Barbara Hoyt (December 27, 1951 – December 3, 2017) was a member of the "Manson Family", led by Charles Manson.

Hoyt was a witness in District Attorney Vincent Bugliosi's prosecution of Manson and his followers for the Tate-LaBianca murders, one of the highest-profile murder trials in history.

Life 
Hoyt lived with the Manson Family at Spahn Ranch.

In 1971, five Manson followers — Catherine Share, Lynette Fromme, Dennis Rice, Steve Grogan and Ruth Ann Moorehouse — were charged with attempted murder after they plotted to murder Hoyt to prevent her testifying for the prosecution during the Tate/LaBianca murder trial.

Moorehouse was to lure Hoyt to Honolulu, Hawaii, so that she would be unable to testify.
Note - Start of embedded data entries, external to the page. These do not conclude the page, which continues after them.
lemma taylor_coeff_sums:
  assumes "f holomorphic_on ball 0 R" "z \<in> ball 0 R"
  shows "(\<lambda>j. taylor_coeff f j * z ^ j) sums f z"
  using holomorphic_power_series[OF assms] by (simp add: taylor_coeff_def)

lemma summable_norm_taylor_coeff:
  assumes "f holomorphic_on ball 0 R" "0 \<le> r" "r < R"
  shows "summable (\<lambda>j. norm (taylor_coeff f j) * r ^ j)"
proof -
  define x where "x = complex_of_real ((r + R) / 2)"
  have "x \<in> ball 0 R"
    unfolding x_def mem_ball dist_0_norm norm_of_real using assms by simp
  then have "summable (\<lambda>j. taylor_coeff f j * x ^ j)"
    using taylor_coeff_sums[OF assms(1)] sums_summable by blast
  moreover have "norm (complex_of_real r) < norm x"
    unfolding x_def norm_of_real using assms by simp
  ultimately have "summable (\<lambda>j. norm (taylor_coeff f j * complex_of_real r ^ j))"
    by (rule powser_insidea)
  then show ?thesis
    using assms by (simp add: norm_mult norm_power)
qed

lemma norm_taylor_partial_sum_le:
  assumes "f holomorphic_on ball 0 R" "0 \<le> r" "r < R" "norm z \<le> r"
  shows "norm (\<Sum>j<N. taylor_coeff f j * z ^ j) \<le> (\<Sum>j. norm (taylor_coeff f j) * r ^ j)"
proof -
  have "norm (\<Sum>j<N. taylor_coeff f j * z ^ j) \<le> (\<Sum>j<N. norm (taylor_coeff f j) * r ^ j)"
    using assms(4) by (auto simp: norm_mult norm_power intro!: sum_norm_le mult_left_mono power_mono)
  also have "\<dots> \<le> (\<Sum>j. norm (taylor_coeff f j) * r ^ j)"
    using summable_norm_taylor_coeff[OF assms(1-3)] assms(2) by (intro sum_le_suminf) auto
  finally show ?thesis .
qed

section \<open>Radial weights\<close>

lemma borel_measurable_cnj [measurable (raw)]:
  "f \<in> borel_measurable M \<Longrightarrow> (\<lambda>x. cnj (f x)) \<in> borel_measurable M"
  by (rule borel_measurable_continuous_on[OF continuous_on_cnj[OF continuous_on_id]])

lemma ball_in_borel [measurable]: "ball (0::complex) r \<in> sets borel"
  by simp

lemma radii_tendsto:
  fixes R :: real
  assumes "0 < R"
  obtains r :: "nat \<Rightarrow> real" where "\<And>N. 0 \<le> r N" "\<And>N. r N < R" "r \<longlonglongrightarrow> R"
proof -
  define r where "r N = R - R / 2 * inverse (real (Suc N))" for N
  have step: "0 < R / 2 * inverse (real (Suc N))" "R / 2 * inverse (real (Suc N)) \<le> R / 2" for N
    using assms by (simp_all add: mult_left_le inverse_le_1_iff)
  have "0 \<le> r N" "r N < R" for N
    using step[of N] assms unfolding r_def by linarith+
  moreover have "(\<lambda>N. R - R / 2 * inverse (real (Suc N))) \<longlonglongrightarrow> R - R / 2 * 0"
    by (intro tendsto_intros LIMSEQ_inverse_real_of_nat)
  then have "r \<longlonglongrightarrow> R"
    by (simp add: r_def[abs_def])
  ultimately show ?thesis
    using that by blast
qed

lemma continuous_bounded_on_ball:
  fixes f :: "complex \<Rightarrow> 'a::real_normed_vector"
  assumes "continuous_on UNIV f"
  obtains B where "\<And>z. z \<in> ball 0 R \<Longrightarrow> norm (f z) \<le> B"
proof -
  have "compact (f ` cball 0 R)"
    using assms by (intro compact_continuous_image) (auto intro: continuous_on_subset)
  then obtain B where B: "\<forall>y \<in> f ` cball 0 R. norm y \<le> B"
    using compact_imp_bounded bounded_iff by metis
  show ?thesis
  proof (rule that)
    fix z :: complex assume "z \<in> ball 0 R"
    then show "norm (f z) \<le> B"
      using B by auto
  qed
qed

locale radial_weight =
  fixes R :: real and m :: "complex \<Rightarrow> real"
  assumes R_pos: "0 < R"
    and m_measurable [measurable]: "m \<in> borel_measurable borel"
    and m_nonneg: "\<And>z. m z \<ge> 0"
    and m_radial: "\<And>z w. cmod z = cmod w \<Longrightarrow> m z = m w"
begin

abbreviation "D \<equiv> ball (0::complex) R"
abbreviation "M \<equiv> wmeasure m D"

lemma sets_M [simp, measurable_cong]: "sets M = sets borel"
  by (simp add: wmeasure_def)

lemma AE_in_disc: "AE z in M. z \<in> D"
  unfolding wmeasure_def by (subst AE_density) (auto split: split_indicator)

lemma integral_rotation:
  fixes F :: "complex \<Rightarrow> complex"
  assumes c: "norm c = 1" and [measurable]: "F \<in> borel_measurable borel"
  shows "integral\<^sup>L M (\<lambda>z. F (c * z)) = integral\<^sup>L M F"
proof -
  define H where "H = (\<lambda>z. (m z * indicator D z) *\<^sub>R F z)"
  have [measurable]: "H \<in> borel_measurable borel"
    unfolding H_def by measurable
  have integral_M: "integral\<^sup>L M G = integral\<^sup>L lborel (\<lambda>z. (m z * indicator D z) *\<^sub>R G z)"
    if [measurable]: "G \<in> borel_measurable borel" for G :: "complex \<Rightarrow> complex"
    unfolding wmeasure_def by (rule integral_density) (auto simp: m_nonneg)
  have "(m z * indicator D z) *\<^sub>R F (c * z) = H (c * z)" for z
    using m_radial[of "c * z" z] by (simp add: H_def norm_mult c indicator_def)
  then have "integral\<^sup>L M (\<lambda>z. F (c * z)) = integral\<^sup>L lborel (\<lambda>z. H (c * z))"
    by (simp add: integral_M)
  also have "\<dots> = integral\<^sup>L (distr lborel borel (\<lambda>z. c * z)) H"
    by (simp add: integral_distr)
  also have "\<dots> = integral\<^sup>L M F"
    using integral_M[of F] by (simp add: distr_lborel_complex_rotation[OF c] H_def)
  finally show ?thesis .
qed

lemma integral_homogeneous_eq_0:
  fixes F :: "complex \<Rightarrow> complex"
  assumes [measurable]: "F \<in> borel_measurable borel"
    and homogeneous: "\<And>c z. norm c = 1 \<Longrightarrow> F (c * z) = c ^ p * cnj c ^ q * F z"
    and "p \<noteq> q"
  shows "integral\<^sup>L M F = 0"
proof -
  \<comment> \<open>rotating by the angle \<open>pi / (p - q)\<close> multiplies the integrand by \<open>-1\<close>\<close>
  define d where "d = real p - real q"
  define c where "c = cis (pi / d)"
  have "real p * t + real q * - t = d * t" for t
    by (simp add: d_def algebra_simps)
  then have "real p * (pi / d) + real q * - (pi / d) = d * (pi / d)" .
  also have "\<dots> = pi"
    using \<open>p \<noteq> q\<close> by (simp add: d_def)
  finally have "real p * (pi / d) + real q * - (pi / d) = pi" .
  then have "c ^ p * cnj c ^ q = cis pi"
    by (simp only: c_def cis_cnj Complex.DeMoivre cis_mult)
  then have rotation_sign: "c ^ p * cnj c ^ q = -1"
    by simp
  have "norm c = 1"
    by (simp add: c_def)
  then have "integral\<^sup>L M F = integral\<^sup>L M (\<lambda>z. F (c * z))"
    using integral_rotation by simp
  also have "\<dots> = integral\<^sup>L M (\<lambda>z. - F z)"
    using \<open>norm c = 1\<close> by (simp add: homogeneous rotation_sign)
  finally show ?thesis
    by simp
qed
(* Consider $\dot x(t)=Ax(t)+Bu(t)$, $x(0)=x_0$, with $A\in\mathbb{R}^{n\times n}$, $B\in\mathbb{R}^{n\times m}$ and $(A,B)$ stabilizable. Let $r\in\mathbb{R}^n$ be a constant reference, $Q\in\mathbb{R}^{n\times n}$ symmetric with $Q>0$, $R\in\mathbb{R}^{m\times m}$ symmetric with $R>0$, and $\alpha>0$. Consider the cost $$J(u)=\int_0^\infty e^{-2\alpha t}\big[(x(t)-r)^\top Q(x(t)-r)+u^\top(t)Ru(t)\big]dt .$$ Let $$A_e=\begin{pmatrix}A-\alpha I_n&0\\0&-\alpha I_n\end{pmatrix},\quad B_e=\begin{pmatrix}B\\0\end{pmatrix},\quad Q_e=\begin{pmatrix}Q&-Q\\-Q&Q\end{pmatrix},$$ and let $P_e^-=\begin{pmatrix}P_1&P_{12}\\P_{12}^\top&P_2\end{pmatrix}$ (blocks of size $n\times n$) be the smallest positive semi-definite solution of $A_e^\top P+PA_e-PB_eR^{-1}B_e^\top P+Q_e=0$. Then for every initial state $x_0$, the input minimizing $J$ over piecewise continuous inputs is generated by the control law $$u(t)=K_1x(t)+K_2r,\qquad K_1=-R^{-1}B^\top P_1,\quad K_2=-R^{-1}B^\top P_{12}.$$ *)

theory Defs
  imports "HOL-Analysis.Analysis"
begin

text \<open>Real matrices are rendered as real^'c^'r (rows indexed by 'r, columns by 'c).\<close>

definition sym_mat :: "real^'n^'n \<Rightarrow> bool" where
  "sym_mat M \<longleftrightarrow> transpose M = M"

definition pos_def :: "real^'n^'n \<Rightarrow> bool" where
  "pos_def M \<longleftrightarrow> (\<forall>x. x \<noteq> 0 \<longrightarrow> x \<bullet> (M *v x) > 0)"

definition pos_semidef :: "real^'n^'n \<Rightarrow> bool" where
  "pos_semidef M \<longleftrightarrow> (\<forall>x. x \<bullet> (M *v x) \<ge> 0)"

definition cmat :: "real^'c^'r \<Rightarrow> complex^'c^'r" where
  "cmat M = (\<chi> i j. complex_of_real (M $ i $ j))"

definition hurwitz :: "real^'n^'n \<Rightarrow> bool" where
  "hurwitz M \<longleftrightarrow> (\<forall>(c::complex) v. v \<noteq> 0 \<and> cmat M *v v = c *s v \<longrightarrow> Re c < 0)"

definition stabilizable :: "real^'n^'n \<Rightarrow> real^'m^'n \<Rightarrow> bool" where
  "stabilizable A B \<longleftrightarrow> (\<exists>K :: real^'n^'m. hurwitz (A + B ** K))"

definition block ::
  "real^'c1^'r1 \<Rightarrow> real^'c2^'r1 \<Rightarrow> real^'c1^'r2 \<Rightarrow> real^'c2^'r2 \<Rightarrow> real^('c1+'c2)^('r1+'r2)" where
  "block M11 M12 M21 M22 = (\<chi> i j. case i of
       Inl a \<Rightarrow> (case j of Inl b \<Rightarrow> M11 $ a $ b | Inr b \<Rightarrow> M12 $ a $ b)
     | Inr a \<Rightarrow> (case j of Inl b \<Rightarrow> M21 $ a $ b | Inr b \<Rightarrow> M22 $ a $ b))"

definition vblock :: "real^'c^'r1 \<Rightarrow> real^'c^'r2 \<Rightarrow> real^'c^('r1+'r2)" where
  "vblock M1 M2 = (\<chi> i j. case i of Inl a \<Rightarrow> M1 $ a $ j | Inr a \<Rightarrow> M2 $ a $ j)"

definition blk11 :: "real^('n+'n)^('n+'n) \<Rightarrow> real^'n^'n" where
  "blk11 P = (\<chi> i j. P $ Inl i $ Inl j)"
definition blk12 :: "real^('n+'n)^('n+'n) \<Rightarrow> real^'n^'n" where
  "blk12 P = (\<chi> i j. P $ Inl i $ Inr j)"

definition piecewise_continuous :: "(real \<Rightarrow> 'a::real_normed_vector) \<Rightarrow> bool" where
  "piecewise_continuous u \<longleftrightarrow>
     (\<forall>T\<ge>0. \<exists>D. finite D \<and>
        (\<forall>t\<in>{0..T} - D. continuous (at t within {0..}) u) \<and>
        (\<forall>d\<in>D. (d > 0 \<longrightarrow> (\<exists>l. (u \<longlongrightarrow> l) (at_left d))) \<and> (\<exists>l. (u \<longlongrightarrow> l) (at_right d))))"

text \<open>x is the (Caratheodory) state trajectory of x' = A x + B u, x(0) = x0, on [0,\<infinity>):
  x(t) = x0 + \<integral>_0^t (A x(s) + B u(s)) ds for all t \<ge> 0.\<close>
definition trajectory ::
  "real^'n^'n \<Rightarrow> real^'m^'n \<Rightarrow> real^'n \<Rightarrow> (real \<Rightarrow> real^'m) \<Rightarrow> (real \<Rightarrow> real^'n) \<Rightarrow> bool" where
  "trajectory A B x0 u x \<longleftrightarrow>
     (\<forall>t\<ge>0. ((\<lambda>s. A *v x s + B *v u s) has_integral (x t - x0)) {0..t})"

definition cost ::
  "real \<Rightarrow> real^'n^'n \<Rightarrow> real^'m^'m \<Rightarrow> real^'n \<Rightarrow> (real \<Rightarrow> real^'n) \<Rightarrow> (real \<Rightarrow> real^'m) \<Rightarrow> ennreal" where
  "cost \<alpha> Q R r x u =
     (\<integral>\<^sup>+ t\<in>{0..}. ennreal (exp (-2*\<alpha>*t) *
        ((x t - r) \<bullet> (Q *v (x t - r)) + u t \<bullet> (R *v u t))) \<partial>lborel)"

definition riccati :: "real^'k^'k \<Rightarrow> real^'m^'k \<Rightarrow> real^'k^'k \<Rightarrow> real^'m^'m \<Rightarrow> real^'k^'k \<Rightarrow> bool" where
  "riccati A B Q R P \<longleftrightarrow>
     transpose A ** P + P ** A - P ** B ** matrix_inv R ** transpose B ** P + Q = 0"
Once in Hawaii, if Hoyt could not be convinced not to testify, Moorehouse was to kill her. On September 9, 1970, as Moorehouse was preparing to board her flight back to California, it was alleged that Moorehouse bought Hoyt a hamburger and laced it with a multi-dose of LSD, then left her and flew back to California. Hoyt survived the attempt on her life.

Share and the others were initially charged with attempted murder; the charge was later reduced to conspiracy to dissuade a witness from testifying.

Share, Fromme, Rice, and Grogan served 90-day sentences in the Los Angeles County Jail. Moorehouse never served her sentence, as she failed to appear at the sentencing hearing.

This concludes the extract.